債券投資の注意点

退職金などある程度まとまった資金を一括投資し、取崩しながら運用を継続することで資産寿命を延ばすことが期待できます。

今年は金利も上昇したことで債券投資を検討している人もいるかもしれません。このコラムでは債券投資(個別債券の購入)をする場合の注意点について整理します。

債券投資の注意点

信用リスク管理はできるのか?

債券投資では、投資先の企業が破綻しなければ毎年決まった利息が支払われ、満期には元本が返ってきます。例えば、4%、償還期限10年の米ドル債を10万ドル購入した場合、毎年4000ドル(10万ドル×4%)の利息が支払われ、10年後には10万ドルが返ってきます。

ただし期間内に投資先の企業が破綻した場合には条件が大きく変わります(場合によっては全く返ってこないこともある)。破綻しそうになったら事前に売却すればよいのですが、企業が破綻するかどうかを事前に察知することは困難です。

当事者である企業は最後まで「大丈夫だ」と言うでしょうし、破綻するときは決算書を通りいっぺん見てもわからないこと(過度の不良債権や違法な取引、など)が原因になることが多いのではないでしょうか?それらを個人投資家がチェックするのは不可能ですし、販売した証券会社も個人客には個別債券の信用リスクをチェック・報告をすることはあまりありません。​

信用リスクに疑念が生じたら流動性がなくなる懸念

老後資金の場合、健康状態やライププランの変化によりある時期まとまった資金の取崩が必要になるかもしれません。
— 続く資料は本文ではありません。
lemma liftable_homotopic:
  assumes "liftable g" "path_homotopic Y g h"
  shows "liftable h"
  unfolding liftable_def
proof (intro allI impI)
  fix x0 x1 assume x: "x0 \<in> topspace X \<and> x1 \<in> topspace X \<and> p x0 = h 0 \<and> p x1 = h 1"
  have "h 0 = g 0" "h 1 = g 1" using path_homotopic_imp_paths[OF assms(2)] by auto
  then obtain \<gamma> where "pathin X \<gamma>" "\<gamma> 0 = x0" "\<gamma> 1 = x1" "path_homotopic Y (p \<circ> \<gamma>) g"
    using assms(1) x unfolding liftable_def by metis
  then show "\<exists>\<gamma>. pathin X \<gamma> \<and> \<gamma> 0 = x0 \<and> \<gamma> 1 = x1 \<and> path_homotopic Y (p \<circ> \<gamma>) h"
    using path_homotopic_trans assms(2) by blast
qed

lemma liftable_join:
  assumes g: "liftable g" "pathin Y g" and h: "liftable h" "pathin Y h" and e: "g 1 = h 0"
  shows "liftable (g +j+ h)"
  unfolding liftable_def
proof (intro allI impI)
  fix x0 x1 assume x: "x0 \<in> topspace X \<and> x1 \<in> topspace X \<and> p x0 = (g +j+ h) 0 \<and> p x1 = (g +j+ h) 1"
  obtain xm where xm: "xm \<in> topspace X" "p xm = g 1"
    using path_finish_in_topspace[OF g(2)] topspace_collapse by auto
  obtain \<gamma>1 where \<gamma>1: "pathin X \<gamma>1" "\<gamma>1 0 = x0" "\<gamma>1 1 = xm" "path_homotopic Y (p \<circ> \<gamma>1) g"
    using g(1) x xm unfolding liftable_def by (metis path_join_start)
  obtain \<gamma>2 where \<gamma>2: "pathin X \<gamma>2" "\<gamma>2 0 = xm" "\<gamma>2 1 = x1" "path_homotopic Y (p \<circ> \<gamma>2) h"
    using h(1) x xm e unfolding liftable_def by (metis path_join_finish)
  have "path_homotopic Y ((p \<circ> \<gamma>1) +j+ (p \<circ> \<gamma>2)) (g +j+ h)"
    using path_homotopic_join[OF \<gamma>1(4) \<gamma>2(4)] \<gamma>1(3) \<gamma>2(2) by simp
  moreover have "pathin X (\<gamma>1 +j+ \<gamma>2)" using \<gamma>1 \<gamma>2 by (simp add: pathin_join)
  ultimately show "\<exists>\<gamma>. pathin X \<gamma> \<and> \<gamma> 0 = x0 \<and> \<gamma> 1 = x1 \<and> path_homotopic Y (p \<circ> \<gamma>) (g +j+ h)"
    using \<gamma>1 \<gamma>2 by (intro exI[of _ "\<gamma>1 +j+ \<gamma>2"]) (simp add: comp_path_join)
qed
ところがたまたまその時期、保有している債券の発行企業が「もしかしたら危ないのでは?」というような状況になってしまうと、危ないと思われている企業の債券を買いたいと思う人はいなくなるので、破綻していなくても売却が困難になる、または売却できたとしても大きく売りたたかれることになります。

上場株式の場合は徐々に値下がりしたり大きく値下がりするとニュースになるので値下がりが目に見えますが、債券の場合は満期まで持てば元本が償還されることから途中の値動きを見ることはあまりありません。ある日突然売れなくなる、大幅にディスカウントしなければ売れなくなる、ということになる可能性もあります。

償還管理、再運用の手間、条件

償還(満期)時に使う予定がある資金なら良いですが、使う予定がなければ償還になった資金で次の債券を購入することになります。その時の金利水準が高ければよいですが、低い場合だと、次に購入する債券の期間ずっと低い金利で固定することになります。

早期償還しない場合もある

利回りが高い劣後債などを検討する場合もあるかもしれません。

劣後債は、破綻時の返済順位が低いのでその分金利が高い債券のことです。

償還までの期間は30年とか35年とか超長期ですが、早期償還されることがある、という条件になっています。ただし早期償還を決めるのは発行企業で、必ず早期償還されるわけではありません。「早期償還しないと次の発行がしづらくなりますから・・・」といったことが言われますが、最近では早期償還しないケースも出てきています。資金の借り換えにメリットがあれば(金利が下がり企業の利子負担が少なくなるなら)早期償還して再度債券発行、反対に金利が上がり借り換えにデメリットがでるようなら早期償還せずにそのまま、と考えるのが合理的です。

つまり、早期償還になったらその資金を再運用する場合の条件は悪くなり、より高い金利で運用できる場合には低い金利で継続、となります。

以上から、万一売りにくくなった時でも他の資産から必要な資金を準備できる投資家以外は個別債券投資には慎重になった方が良いでしょう。